Within the entries below, find every line that has the string "moreover", then copy it.

## Provided information

- - -

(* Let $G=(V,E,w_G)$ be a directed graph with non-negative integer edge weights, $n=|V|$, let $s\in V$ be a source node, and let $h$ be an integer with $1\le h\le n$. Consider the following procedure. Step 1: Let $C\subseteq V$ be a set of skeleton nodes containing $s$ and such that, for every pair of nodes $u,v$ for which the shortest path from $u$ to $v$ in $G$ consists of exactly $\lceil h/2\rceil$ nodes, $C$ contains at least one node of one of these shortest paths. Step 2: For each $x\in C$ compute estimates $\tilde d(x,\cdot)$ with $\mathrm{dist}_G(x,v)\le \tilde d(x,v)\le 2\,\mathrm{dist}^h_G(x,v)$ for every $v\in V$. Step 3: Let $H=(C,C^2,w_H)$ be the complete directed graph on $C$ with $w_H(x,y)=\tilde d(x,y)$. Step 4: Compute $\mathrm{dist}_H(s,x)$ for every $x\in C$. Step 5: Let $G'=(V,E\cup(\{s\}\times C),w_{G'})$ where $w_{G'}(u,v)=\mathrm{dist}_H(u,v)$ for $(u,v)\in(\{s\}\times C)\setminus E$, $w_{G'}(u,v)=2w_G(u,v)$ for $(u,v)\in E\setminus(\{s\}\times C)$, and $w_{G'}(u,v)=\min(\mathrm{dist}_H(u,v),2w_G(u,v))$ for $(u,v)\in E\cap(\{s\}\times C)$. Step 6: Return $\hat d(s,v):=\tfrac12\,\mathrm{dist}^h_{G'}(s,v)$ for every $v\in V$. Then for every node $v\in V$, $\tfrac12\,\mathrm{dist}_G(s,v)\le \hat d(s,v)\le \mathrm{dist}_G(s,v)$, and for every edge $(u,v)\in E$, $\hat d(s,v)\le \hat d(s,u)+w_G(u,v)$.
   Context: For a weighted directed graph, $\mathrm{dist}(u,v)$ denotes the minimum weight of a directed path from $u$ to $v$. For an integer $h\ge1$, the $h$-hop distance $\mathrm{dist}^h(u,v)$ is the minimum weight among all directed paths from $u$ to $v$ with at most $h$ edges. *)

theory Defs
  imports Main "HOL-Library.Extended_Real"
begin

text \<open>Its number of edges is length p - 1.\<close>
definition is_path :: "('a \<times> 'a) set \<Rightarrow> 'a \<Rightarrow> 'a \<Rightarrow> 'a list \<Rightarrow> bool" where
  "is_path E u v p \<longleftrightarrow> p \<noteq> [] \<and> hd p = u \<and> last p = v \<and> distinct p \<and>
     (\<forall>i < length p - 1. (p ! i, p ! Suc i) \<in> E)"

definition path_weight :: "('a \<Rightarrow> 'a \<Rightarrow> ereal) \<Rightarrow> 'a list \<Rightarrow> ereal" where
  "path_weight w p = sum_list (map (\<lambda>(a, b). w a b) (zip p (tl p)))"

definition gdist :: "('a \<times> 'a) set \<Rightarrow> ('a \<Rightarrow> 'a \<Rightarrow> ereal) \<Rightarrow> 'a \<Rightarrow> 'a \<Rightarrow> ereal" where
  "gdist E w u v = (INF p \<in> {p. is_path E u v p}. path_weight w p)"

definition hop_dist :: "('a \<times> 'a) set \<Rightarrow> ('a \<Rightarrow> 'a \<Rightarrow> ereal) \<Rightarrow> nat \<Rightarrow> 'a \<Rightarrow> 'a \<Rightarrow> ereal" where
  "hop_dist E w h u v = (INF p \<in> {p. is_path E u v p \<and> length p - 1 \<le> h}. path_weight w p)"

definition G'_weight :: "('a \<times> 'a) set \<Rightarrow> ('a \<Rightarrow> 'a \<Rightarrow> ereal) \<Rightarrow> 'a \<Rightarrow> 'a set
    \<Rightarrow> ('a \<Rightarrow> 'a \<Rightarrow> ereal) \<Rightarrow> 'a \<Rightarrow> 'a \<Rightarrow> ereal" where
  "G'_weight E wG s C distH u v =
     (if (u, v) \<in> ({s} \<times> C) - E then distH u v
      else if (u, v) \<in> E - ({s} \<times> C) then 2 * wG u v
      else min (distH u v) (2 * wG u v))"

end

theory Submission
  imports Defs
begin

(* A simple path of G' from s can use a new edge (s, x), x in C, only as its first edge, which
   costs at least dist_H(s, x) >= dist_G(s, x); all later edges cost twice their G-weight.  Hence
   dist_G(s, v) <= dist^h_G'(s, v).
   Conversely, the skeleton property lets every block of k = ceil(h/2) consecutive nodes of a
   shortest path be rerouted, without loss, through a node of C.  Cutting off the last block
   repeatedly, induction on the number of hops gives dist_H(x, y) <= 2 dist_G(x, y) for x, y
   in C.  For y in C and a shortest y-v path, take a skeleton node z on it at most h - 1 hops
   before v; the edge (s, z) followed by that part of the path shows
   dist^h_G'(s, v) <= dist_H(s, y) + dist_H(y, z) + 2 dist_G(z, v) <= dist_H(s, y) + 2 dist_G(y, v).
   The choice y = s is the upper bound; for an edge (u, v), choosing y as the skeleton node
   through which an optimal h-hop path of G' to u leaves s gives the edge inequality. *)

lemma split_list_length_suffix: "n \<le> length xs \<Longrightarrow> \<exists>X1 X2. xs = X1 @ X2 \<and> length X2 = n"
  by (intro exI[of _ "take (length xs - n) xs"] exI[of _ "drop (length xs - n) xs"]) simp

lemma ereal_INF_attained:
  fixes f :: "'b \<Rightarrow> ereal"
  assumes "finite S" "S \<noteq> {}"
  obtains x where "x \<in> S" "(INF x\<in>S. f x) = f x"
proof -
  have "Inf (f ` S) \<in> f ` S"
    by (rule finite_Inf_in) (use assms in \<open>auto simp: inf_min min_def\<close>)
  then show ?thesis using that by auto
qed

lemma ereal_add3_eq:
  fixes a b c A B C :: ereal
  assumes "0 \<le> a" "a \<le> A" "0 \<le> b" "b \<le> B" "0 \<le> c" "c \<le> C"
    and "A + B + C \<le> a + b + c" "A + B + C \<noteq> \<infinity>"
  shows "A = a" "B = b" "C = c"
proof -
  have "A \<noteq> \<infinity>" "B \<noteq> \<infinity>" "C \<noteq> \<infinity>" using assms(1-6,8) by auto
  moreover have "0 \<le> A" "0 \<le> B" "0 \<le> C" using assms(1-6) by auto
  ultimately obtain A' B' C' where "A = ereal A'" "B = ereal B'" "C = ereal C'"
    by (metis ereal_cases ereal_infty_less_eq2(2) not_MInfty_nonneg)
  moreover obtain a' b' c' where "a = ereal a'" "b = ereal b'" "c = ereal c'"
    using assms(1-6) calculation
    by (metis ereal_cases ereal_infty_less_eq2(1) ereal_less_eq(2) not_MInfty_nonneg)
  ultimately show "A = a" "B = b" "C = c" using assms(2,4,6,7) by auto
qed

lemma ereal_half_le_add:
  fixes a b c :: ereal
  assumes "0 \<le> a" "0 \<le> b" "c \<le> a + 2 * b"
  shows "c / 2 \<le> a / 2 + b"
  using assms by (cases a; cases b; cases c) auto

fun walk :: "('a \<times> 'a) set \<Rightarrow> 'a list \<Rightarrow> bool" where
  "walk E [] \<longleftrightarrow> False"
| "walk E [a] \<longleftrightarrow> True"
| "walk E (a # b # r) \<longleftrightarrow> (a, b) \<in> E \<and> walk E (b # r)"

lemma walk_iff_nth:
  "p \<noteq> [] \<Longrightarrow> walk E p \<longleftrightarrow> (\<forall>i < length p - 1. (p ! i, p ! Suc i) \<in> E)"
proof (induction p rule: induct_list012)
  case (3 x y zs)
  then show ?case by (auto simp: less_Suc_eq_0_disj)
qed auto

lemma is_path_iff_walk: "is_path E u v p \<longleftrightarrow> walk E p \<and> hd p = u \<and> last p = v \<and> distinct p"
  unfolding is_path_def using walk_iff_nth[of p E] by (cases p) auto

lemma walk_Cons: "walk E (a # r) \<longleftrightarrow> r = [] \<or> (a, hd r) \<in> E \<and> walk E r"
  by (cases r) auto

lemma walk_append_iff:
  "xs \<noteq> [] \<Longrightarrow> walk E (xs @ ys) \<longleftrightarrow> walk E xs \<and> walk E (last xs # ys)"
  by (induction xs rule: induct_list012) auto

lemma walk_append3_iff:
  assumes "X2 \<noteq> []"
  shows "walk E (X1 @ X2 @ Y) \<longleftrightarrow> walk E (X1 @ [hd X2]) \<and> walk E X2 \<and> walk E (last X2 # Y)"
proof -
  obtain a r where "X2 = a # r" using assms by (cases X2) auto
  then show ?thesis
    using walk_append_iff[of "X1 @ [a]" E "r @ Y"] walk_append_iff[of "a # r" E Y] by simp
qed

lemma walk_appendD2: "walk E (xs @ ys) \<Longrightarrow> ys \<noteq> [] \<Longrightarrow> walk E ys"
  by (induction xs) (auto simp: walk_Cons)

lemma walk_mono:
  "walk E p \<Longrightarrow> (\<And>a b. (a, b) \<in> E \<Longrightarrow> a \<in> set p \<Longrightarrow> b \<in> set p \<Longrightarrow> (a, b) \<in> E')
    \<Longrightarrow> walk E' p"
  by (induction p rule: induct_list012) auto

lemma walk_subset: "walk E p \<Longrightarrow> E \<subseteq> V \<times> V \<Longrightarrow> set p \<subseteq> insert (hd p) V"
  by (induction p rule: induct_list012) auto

- - -

## Answer for this exercise
  moreover have "0 \<le> A" "0 \<le> B" "0 \<le> C" using assms(1-6) by auto
  moreover obtain a' b' c' where "a = ereal a'" "b = ereal b'" "c = ereal c'"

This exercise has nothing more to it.